В то же время я впервые посетил выставку живописи и остался от нее в восторге. Наиболее сильное впечатление произвела на меня картина, изображавшая эпизод греко-турецкой войны в Фессалии. На фоне сельского дома изображены были группа пехотинцев и несколько офицеров на лошадях, казалось, они ждут момента, чтобы вступить в бой. Само сражение разворачивалось в глубине: шеренга пехотинцев готовилась открыть огонь. Кто-то из солдат целился стоя, кто-то — опершись коленом о землю. Справа по широкой пыльной дороге галопом удалялась группа кавалеристов. На первом плане в дорожной пыли лежало тело убитого солдата. По поводу этой картины один критик, видимо, желавший проявить остроумие, но в результате лишь обнаруживший свой дурной вкус, имея в виду тело мертвого солдата, писал, что не понимает, зачем художник в свою батальную картину поместил натюрморт. Причем в статье слово «натюрморт» написано было по-французски: nature morte. Автором картины был Ройлос, позже он преподавал мне рисунок в Политехнической школе. Художник Ройлос специализировался на батальных сценах. Он определенно был талантлив, прекрасно рисовал и обладал чувством композиции. Живи он в Париже, или Италии, или же в какой-либо другой, более европеизированной, чем Греция, стране, он мог бы приобрести широкую известность. Издатели публиковали бы обстоятельные монографии с репродукциями его работ, в Италии же критики и интеллектуалы непременно сравнили бы его с Паоло Уччелло. Был он ничем не хуже Фаттори, которого наши критики считают гением итальянского Отточенто, Ройлос был даже лучше Фаттори. Другого художника, сильно впечатлившего меня тогда, звали Раллис. Жил он в Париже, где известен был, кажется, в среде тех, кто часто посещал Salons. Раллис писал непривычно яркими и живыми красками, владел точным рисунком, сюжетами ему служили главным образом сцены из восточной жизни.

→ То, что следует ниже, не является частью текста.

(* Let $f=\sum_{J\in\mathbb{N}^n} a_J x^J$ be a nonzero real polynomial with all coefficients $a_J\in\{0,1\}$, let $\mathcal{M}$ be the set of exponent vectors $P$ with $a_P=1$, and fix an integer $k\ge 0$. Let $M$ be the matrix whose rows are indexed by the vectors $I\in\{0,1\}^n$ with $|I|=k$, whose columns are indexed by the finitely many $J\in\mathbb{N}^n$ such that $I+J\in\mathcal{M}$ for some such $I$, and whose entries are $M_{I,J}=a_{I+J}$. Let $B=M^T M$. Then $$\mathrm{Tr}(B^2)\leq |\mathcal{M}|^2\sum_{P \in \mathcal{M}} \binom{\sup(P)}{k}.$$
   Context: For $\alpha\in\mathbb{N}^n$, $x^\alpha = x_1^{\alpha_1}\cdots x_n^{\alpha_n}/(\alpha_1!\cdots\alpha_n!)$ (scaled monomial basis). For $I\in\{0,1\}^n$, $|I|=\sum_i I_i$. For $P\in\mathbb{N}^n$, $\sup(P)$ is the number of indices $i$ with $P_i>0$. *)

theory Defs
  imports Complex_Main
begin

text \<open>Exponent vectors in N^n, represented as functions nat => nat vanishing outside {0..<n}.\<close>
definition expvecs :: "nat \<Rightarrow> (nat \<Rightarrow> nat) set" where
  "expvecs n = {P. \<forall>i\<ge>n. P i = 0}"

definition rowidx :: "nat \<Rightarrow> nat \<Rightarrow> (nat \<Rightarrow> nat) set" where
  "rowidx n k = {I \<in> expvecs n. (\<forall>i. I i \<le> 1) \<and> (\<Sum>i<n. I i) = k}"

definition colidx :: "nat \<Rightarrow> nat \<Rightarrow> (nat \<Rightarrow> nat) set \<Rightarrow> (nat \<Rightarrow> nat) set" where
  "colidx n k S = {J \<in> expvecs n. \<exists>I\<in>rowidx n k. (\<lambda>i. I i + J i) \<in> S}"

definition supnum :: "nat \<Rightarrow> (nat \<Rightarrow> nat) \<Rightarrow> nat" where
  "supnum n P = card {i. i < n \<and> P i > 0}"

definition coef01 :: "(nat \<Rightarrow> nat) set \<Rightarrow> (nat \<Rightarrow> nat) \<Rightarrow> real" where
  "coef01 S J = (if J \<in> S then 1 else 0)"

definition Mmat :: "(nat \<Rightarrow> nat) set \<Rightarrow> (nat \<Rightarrow> nat) \<Rightarrow> (nat \<Rightarrow> nat) \<Rightarrow> real" where
  "Mmat S I J = coef01 S (\<lambda>i. I i + J i)"

definition Bmat :: "nat \<Rightarrow> nat \<Rightarrow> (nat \<Rightarrow> nat) set \<Rightarrow> (nat \<Rightarrow> nat) \<Rightarrow> (nat \<Rightarrow> nat) \<Rightarrow> real" where
  "Bmat n k S J J' = (\<Sum>I\<in>rowidx n k. Mmat S I J * Mmat S I J')"

definition trB2 :: "nat \<Rightarrow> nat \<Rightarrow> (nat \<Rightarrow> nat) set \<Rightarrow> real" where
  "trB2 n k S = (\<Sum>J\<in>colidx n k S. \<Sum>J'\<in>colidx n k S. Bmat n k S J J' * Bmat n k S J' J)"

end

theory Submission
  imports Defs
begin

text \<open>
  Since M has 0/1 entries, each entry of B = M^T M is at most a column sum of M, and every row
  and column sum of M is at most |S| because translation by a fixed vector is injective. Hence
  Tr(B^2) = sum of B(J,J')^2 <= |S| * sum of B(J,J') = |S| * sum over I of (row sum of I)^2
  <= |S|^2 * sum over I of (row sum of I). The last sum counts the pairs (I, J) with
  I + J = P in S, i.e. the 0/1 vectors I <= P of weight k, of which there are at most
  binom(sup(P), k) for each P.
\<close>

lemma sum_gram_square_le:
  fixes Q :: "'r \<Rightarrow> 'c \<Rightarrow> real" and c :: real
  assumes "finite R" "finite C" "0 \<le> c"
    and Q_nonneg: "\<And>I J. I \<in> R \<Longrightarrow> J \<in> C \<Longrightarrow> 0 \<le> Q I J"
    and Q_le_1: "\<And>I J. I \<in> R \<Longrightarrow> J \<in> C \<Longrightarrow> Q I J \<le> 1"
    and row_sum_le: "\<And>I. I \<in> R \<Longrightarrow> (\<Sum>J\<in>C. Q I J) \<le> c"
    and col_sum_le: "\<And>J. J \<in> C \<Longrightarrow> (\<Sum>I\<in>R. Q I J) \<le> c"
  shows "(\<Sum>J\<in>C. \<Sum>J'\<in>C. (\<Sum>I\<in>R. Q I J * Q I J') * (\<Sum>I\<in>R. Q I J' * Q I J))
           \<le> c\<^sup>2 * (\<Sum>I\<in>R. \<Sum>J\<in>C. Q I J)"
proof -
  define B where "B J J' = (\<Sum>I\<in>R. Q I J * Q I J')" for J J'
  have B_nonneg: "0 \<le> B J J'" if "J \<in> C" "J' \<in> C" for J J'
    unfolding B_def using that Q_nonneg by (simp add: sum_nonneg)
  have B_le: "B J J' \<le> c" if "J \<in> C" "J' \<in> C" for J J'
  proof -
    have "B J J' \<le> (\<Sum>I\<in>R. Q I J)"
      unfolding B_def using that Q_nonneg Q_le_1 by (intro sum_mono) (simp add: mult_left_le)
    also have "\<dots> \<le> c" using col_sum_le that(1) .
    finally show ?thesis .
  qed
  have row_sum_nonneg: "0 \<le> (\<Sum>J\<in>C. Q I J)" if "I \<in> R" for I
    using that Q_nonneg by (simp add: sum_nonneg)
  have "(\<Sum>J\<in>C. \<Sum>J'\<in>C. (\<Sum>I\<in>R. Q I J * Q I J') * (\<Sum>I\<in>R. Q I J' * Q I J))
        = (\<Sum>J\<in>C. \<Sum>J'\<in>C. B J J' * B J J')"
    by (simp add: B_def mult.commute)
  also have "\<dots> \<le> (\<Sum>J\<in>C. \<Sum>J'\<in>C. c * B J J')"
    by (intro sum_mono mult_right_mono B_le B_nonneg)
  also have "\<dots> = c * (\<Sum>J\<in>C. \<Sum>J'\<in>C. \<Sum>I\<in>R. Q I J * Q I J')"
    by (simp add: B_def sum_distrib_left)
  also have "\<dots> = c * (\<Sum>J\<in>C. \<Sum>I\<in>R. \<Sum>J'\<in>C. Q I J * Q I J')"
    by (simp add: sum.swap[of _ C R])
  also have "\<dots> = c * (\<Sum>I\<in>R. \<Sum>J\<in>C. \<Sum>J'\<in>C. Q I J * Q I J')"
    by (subst sum.swap) (rule refl)
  also have "\<dots> = c * (\<Sum>I\<in>R. (\<Sum>J\<in>C. Q I J) * (\<Sum>J'\<in>C. Q I J'))"
    by (simp add: sum_product)
  also have "\<dots> \<le> c * (\<Sum>I\<in>R. c * (\<Sum>J\<in>C. Q I J))"
    using assms(3) row_sum_le row_sum_nonneg
    by (intro mult_left_mono sum_mono mult_right_mono) auto
  finally show ?thesis by (simp add: power2_eq_square sum_distrib_left mult.assoc)
qed

lemma card_translates_in_le:
  fixes I :: "nat \<Rightarrow> nat"
  assumes "finite S"
  shows "card {J\<in>X. (\<lambda>i. I i + J i) \<in> S} \<le> card S"
  by (rule card_inj_on_le[OF _ _ assms]) (auto simp: inj_on_def fun_eq_iff)

lemma sum_Mmat_col_eq_card:
  "finite X \<Longrightarrow> (\<Sum>J\<in>X. Mmat S I J) = real (card {J\<in>X. (\<lambda>i. I i + J i) \<in> S})"
  by (simp add: Mmat_def coef01_def sum.inter_filter[symmetric])

lemma sum_Mmat_row_eq_card:
  "finite X \<Longrightarrow> (\<Sum>I\<in>X. Mmat S I J) = real (card {I\<in>X. (\<lambda>i. J i + I i) \<in> S})"
  by (simp add: Mmat_def coef01_def add.commute sum.inter_filter[symmetric])

lemma finite_rowidx: "finite (rowidx n k)"
proof (rule finite_subset)
  show "rowidx n k \<subseteq> {I. \<forall>i. (i \<in> {..<n} \<longrightarrow> I i \<in> {0, 1}) \<and> (i \<notin> {..<n} \<longrightarrow> I i = 0)}"
    by (auto simp: rowidx_def expvecs_def le_Suc_eq)
qed (intro finite_set_of_finite_funs; simp)

lemma colidx_subset_differences:
  "colidx n k S \<subseteq> (\<lambda>(I, P). \<lambda>i. P i - I i) ` (rowidx n k \<times> S)"
proof
  fix J assume "J \<in> colidx n k S"
  then obtain I where "I \<in> rowidx n k" "(\<lambda>i. I i + J i) \<in> S" by (auto simp: colidx_def)
  moreover have "J = (\<lambda>i. (I i + J i) - I i)" by simp
  ultimately show "J \<in> (\<lambda>(I, P). \<lambda>i. P i - I i) ` (rowidx n k \<times> S)" by force
qed

lemma finite_colidx: "finite S \<Longrightarrow> finite (colidx n k S)"
  by (rule finite_subset[OF colidx_subset_differences])
     (intro finite_imageI finite_cartesian_product finite_rowidx)

lemma sum_le_1_eq_card:
  fixes f :: "'a \<Rightarrow> nat"
  assumes "finite A" "\<And>i. f i \<le> 1"
  shows "(\<Sum>i\<in>A. f i) = card {i\<in>A. f i = 1}"
proof -
  have "f i = (if f i = 1 then 1 else 0)" for i
    using assms(2)[of i] by (cases "f i = 1") auto
  then have "(\<Sum>i\<in>A. f i) = (\<Sum>i\<in>A. if f i = 1 then 1 else 0)"
    by (rule sum.cong[OF refl])
  also have "\<dots> = card {i\<in>A. f i = 1}"
    using assms(1) by (simp add: sum.If_cases Int_def)
  finally show ?thesis .
qed

lemma card_rowidx_below_le:
  "card {I\<in>rowidx n k. \<forall>i. I i \<le> P i} \<le> supnum n P choose k"
proof -
  let ?A = "{i. i < n \<and> 0 < P i}"
  let ?ones = "\<lambda>I. {i. i < n \<and> I i = 1}"
  have "finite ?A" by simp
  have "inj_on ?ones (rowidx n k)"
  proof (rule inj_onI, rule ext)
    fix I I' i assume I: "I \<in> rowidx n k" and I': "I' \<in> rowidx n k" and "?ones I = ?ones I'"
    show "I i = I' i"
    proof (cases "i < n")
      case True
      then have "I i = 1 \<longleftrightarrow> I' i = 1" using \<open>?ones I = ?ones I'\<close> by blast
      moreover have "I i \<le> 1" "I' i \<le> 1" using I I' by (simp_all add: rowidx_def)
      ultimately show ?thesis by linarith
    next
      case False
      then show ?thesis using I I' by (simp add: rowidx_def expvecs_def)
    qed
  qed
  moreover have "?ones I \<in> {B. B \<subseteq> ?A \<and> card B = k}"
    if I: "I \<in> rowidx n k" "\<forall>i. I i \<le> P i" for I
  proof -
    have "?ones I \<subseteq> ?A"
    proof clarify
      fix i assume "i < n" "I i = 1"
      moreover have "I i \<le> P i" using I(2) by blast
      ultimately show "0 < P i" by simp
    qed
    moreover have "k = (\<Sum>i<n. I i)" using I(1) by (simp add: rowidx_def)
    moreover have "\<dots> = card {i\<in>{..<n}. I i = 1}"
      using I(1) by (intro sum_le_1_eq_card) (simp_all add: rowidx_def)
    moreover have "{i\<in>{..<n}. I i = 1} = ?ones I" by auto
    ultimately show ?thesis by simp
  qed
  ultimately have "card {I\<in>rowidx n k. \<forall>i. I i \<le> P i} \<le> card {B. B \<subseteq> ?A \<and> card B = k}"
    using \<open>finite ?A\<close> by (intro card_inj_on_le[where f = ?ones]) (auto intro: inj_on_subset)
  also have "\<dots> = supnum n P choose k"
    using n_subsets[OF \<open>finite ?A\<close>] by (simp add: supnum_def)
  finally show ?thesis .
qed

lemma card_translate_pairs_le:
  fixes R C S :: "(nat \<Rightarrow> nat) set"
  assumes "finite R" "finite S"
  shows "card (SIGMA I:R. {J\<in>C. (\<lambda>i. I i + J i) \<in> S})
           \<le> (\<Sum>P\<in>S. card {I\<in>R. \<forall>i. I i \<le> P i})"
proof -
  have "card (SIGMA I:R. {J\<in>C. (\<lambda>i. I i + J i) \<in> S}) \<le> card (SIGMA P:S. {I\<in>R. \<forall>i. I i \<le> P i})"
    using assms
    by (intro card_inj_on_le[where f = "\<lambda>(I, J). ((\<lambda>i. I i + J i), I)"])
       (auto simp: inj_on_def fun_eq_iff)
  also have "\<dots> = (\<Sum>P\<in>S. card {I\<in>R. \<forall>i. I i \<le> P i})"
    using assms by (simp add: card_SigmaI)
  finally show ?thesis .
qed

theorem lemma3:
  fixes n k :: nat and S :: "(nat \<Rightarrow> nat) set"
  assumes "finite S" and "S \<noteq> {}" and "S \<subseteq> expvecs n"
  shows "trB2 n k S \<le> real (card S) ^ 2 * (\<Sum>P\<in>S. real (supnum n P choose k))"
proof -
  let ?R = "rowidx n k" and ?C = "colidx n k S"
  have fin: "finite ?R" "finite ?C" using finite_rowidx finite_colidx assms(1) by auto
  have mass: "(\<Sum>I\<in>?R. \<Sum>J\<in>?C. Mmat S I J) \<le> (\<Sum>P\<in>S. real (supnum n P choose k))"
  proof -
    have "(\<Sum>I\<in>?R. \<Sum>J\<in>?C. Mmat S I J) = card (SIGMA I:?R. {J\<in>?C. (\<lambda>i. I i + J i) \<in> S})"
      using fin by (simp add: sum_Mmat_col_eq_card card_SigmaI)
    also have "\<dots> \<le> real (\<Sum>P\<in>S. supnum n P choose k)"
      unfolding of_nat_le_iff
      using card_translate_pairs_le[OF fin(1) assms(1)] card_rowidx_below_le
      by (rule order_trans[OF _ sum_mono])
    finally show ?thesis by simp
  qed
  have "trB2 n k S \<le> real (card S) ^ 2 * (\<Sum>I\<in>?R. \<Sum>J\<in>?C. Mmat S I J)"
    unfolding trB2_def Bmat_def
  proof (rule sum_gram_square_le)
    show "(\<Sum>J\<in>?C. Mmat S I J) \<le> real (card S)" for I
      using card_translates_in_le[OF assms(1)] by (simp add: sum_Mmat_col_eq_card[OF fin(2)])
    show "(\<Sum>I\<in>?R. Mmat S I J) \<le> real (card S)" for J
      using card_translates_in_le[OF assms(1)] by (simp add: sum_Mmat_row_eq_card[OF fin(1)])
  qed (simp_all add: fin Mmat_def coef01_def)
  also have "\<dots> \<le> real (card S) ^ 2 * (\<Sum>P\<in>S. real (supnum n P choose k))"
    using mass by (rule mult_left_mono) simp
  finally show ?thesis .
qed

end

Я помню, тогда мне показалось, что увиденные мною картины превосходны, что они даже прекраснее тех работ старых мастеров, которые я знал по цветным и черно-белым репродукциям имеющихся в нашем доме книг по искусству. Эта старая живопись нравилась мне меньше — знаменитые полотна казались мне менее натуральными, менее понятными. Лишь со временем я научился понимать величие, красоту, таинство великой Живописи, получать то наслаждение, которое она приносит. Думаю, что большинство людей на протяжении всей своей жизни, живи они хоть сотню лет, воспринимают великую Живопись именно так, как воспринимал ее в ту пору я. Более того, если в результате полученного воспитания и образования они и научились относиться уважительно, с восхищением к работам великих мастеров прошлого, то проявляют они эти уважение и восхищение чисто механически, не испытывая при этом искренних чувств, не проявляя подлинного, глубокого понимания.